The Underlying Cause of Suicides and Homicides with SSRI Antidepressants:
Is It the Drugs, the Doctors, or the Drug Companies?
How a dysfunctional medical-pharmaceutical complex causes and perpetuates unnecessary harm.
Jay S. Cohen M.D.Reports of unusual, severe reactions with selective serotonin reuptake inhibitor antidepressant drugs (SSRIs) emerged soon after the first SSRI, Prozac, was introduced in 1988. One of my own patients, a woman with a mild depressive disorder and no history of major psychiatric symptoms, became psychotic after just three days on Prozac. Another woman, a highly successful attorney, developed such severe panic attacks that she couldn't work. Such cases were reported so frequently that Congress held hearings on the issue in the early 1990s. But because the hearings got no further than arguing whether SSRIs cause suicidal and homicidal behavior or not, and never looked at the underlying causes, nothing was accomplished.
I have never doubted that SSRIs (Prozac, Paxil, Zoloft, Celexa, Lexapro, Luvox, Effexor, Sarafem) can provoke impulsive, violent behavior. Now, sixteen years after the first reports, British regulatory authorities have acted against the use of SSRIs in children because of an increased incidence of suicide. This forced the U.S. Food and Drug Administration to take a second look. In early February 2004, a FDA advisory committee heard powerful testimony from bereaved parents and medical experts and issued a call for stronger warnings on the labels of these drugs. The FDA is considering it.

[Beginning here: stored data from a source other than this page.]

(* Let $d\ge 3$ and write $\mathbb{C}^d=\mathcal{H}_3\oplus\mathcal{H}_{d-3}$ with $\mathcal{H}_3=\mathbb{C}^3$. Let $\lambda_1,\dots,\lambda_8$ be the Gell-Mann matrices, $\lambda_1=\begin{pmatrix}0&1&0\\1&0&0\\0&0&0\end{pmatrix}$, $\lambda_2=\begin{pmatrix}0&-i&0\\i&0&0\\0&0&0\end{pmatrix}$, $\lambda_4=\begin{pmatrix}0&0&1\\0&0&0\\1&0&0\end{pmatrix}$, $\lambda_5=\begin{pmatrix}0&0&-i\\0&0&0\\i&0&0\end{pmatrix}$. Let $H=\lambda_5\oplus 0_{d-3}$ and $L_i=\lambda_i\oplus 0_{d-3}$ for $i\in\{1,2,4\}$, where $0_{d-3}$ is the zero operator on $\mathcal{H}_{d-3}$. Then $H\notin\mathfrak{S}$, but there exist no orthonormal vectors $|0_L\rangle,|1_L\rangle\in\mathbb{C}^d$ such that, with $P=|0_L\rangle\langle0_L|+|1_L\rangle\langle1_L|$, one has $PSP\in\mathbb{R}P$ for all $S\in\mathfrak{S}$ and $PHP\not\propto P$. This holds for every $d\ge 3$, however large.
   Context: For operators $L_1,\dots,L_n$ on $\mathbb{C}^d$, the Lindblad span $\mathfrak{S}$ is the real vector space of Hermitian operators spanned by $I$, $L_i+L_i^\dagger$, $i(L_i-L_i^\dagger)$, $L_i^\dagger L_j+L_j^\dagger L_i$ and $i(L_i^\dagger L_j-L_j^\dagger L_i)$ for all $i,j$. *)

theory Defs
  imports Complex_Main "Jordan_Normal_Form.Matrix"
begin

definition adj :: "complex mat \<Rightarrow> complex mat" where
  "adj A = mat (dim_col A) (dim_row A) (\<lambda>(i,j). cnj (A $$ (j,i)))"

definition lindblad_gens :: "nat \<Rightarrow> complex mat list \<Rightarrow> complex mat set" where
  "lindblad_gens d Ls =
     {1\<^sub>m d}
     \<union> {L + adj L | L. L \<in> set Ls}
     \<union> {\<i> \<cdot>\<^sub>m (L - adj L) | L. L \<in> set Ls}
     \<union> {adj L * M + adj M * L | L M. L \<in> set Ls \<and> M \<in> set Ls}
     \<union> {\<i> \<cdot>\<^sub>m (adj L * M - adj M * L) | L M. L \<in> set Ls \<and> M \<in> set Ls}"

inductive_set real_span_mat :: "nat \<Rightarrow> complex mat set \<Rightarrow> complex mat set"
  for d :: nat and G :: "complex mat set" where
  zero: "0\<^sub>m d d \<in> real_span_mat d G"
| gen: "A \<in> G \<Longrightarrow> A \<in> real_span_mat d G"
| add: "A \<in> real_span_mat d G \<Longrightarrow> B \<in> real_span_mat d G \<Longrightarrow> A + B \<in> real_span_mat d G"
| smult: "A \<in> real_span_mat d G \<Longrightarrow> complex_of_real r \<cdot>\<^sub>m A \<in> real_span_mat d G"

definition lindblad_span :: "nat \<Rightarrow> complex mat list \<Rightarrow> complex mat set" where
  "lindblad_span d Ls = real_span_mat d (lindblad_gens d Ls)"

Even if the FDA acts, will such warnings make any difference? Not likely. As the FDA has learned, adding warnings to package inserts does little to improve how doctors prescribe drugs.1-3 Doctors kept prescribing Rezulin and Seldane inappropriately despite added warnings, and patients continued dying until the drugs were withdrawn. About 20% of all medications ultimately require additional "black-box" warnings about dangerous side effects discovered after the drugs' approvals,1 yet despite these additional warnings, doctors' prescribing methods remain poor and the incidence of medication-caused hospitalizations and deaths remains high.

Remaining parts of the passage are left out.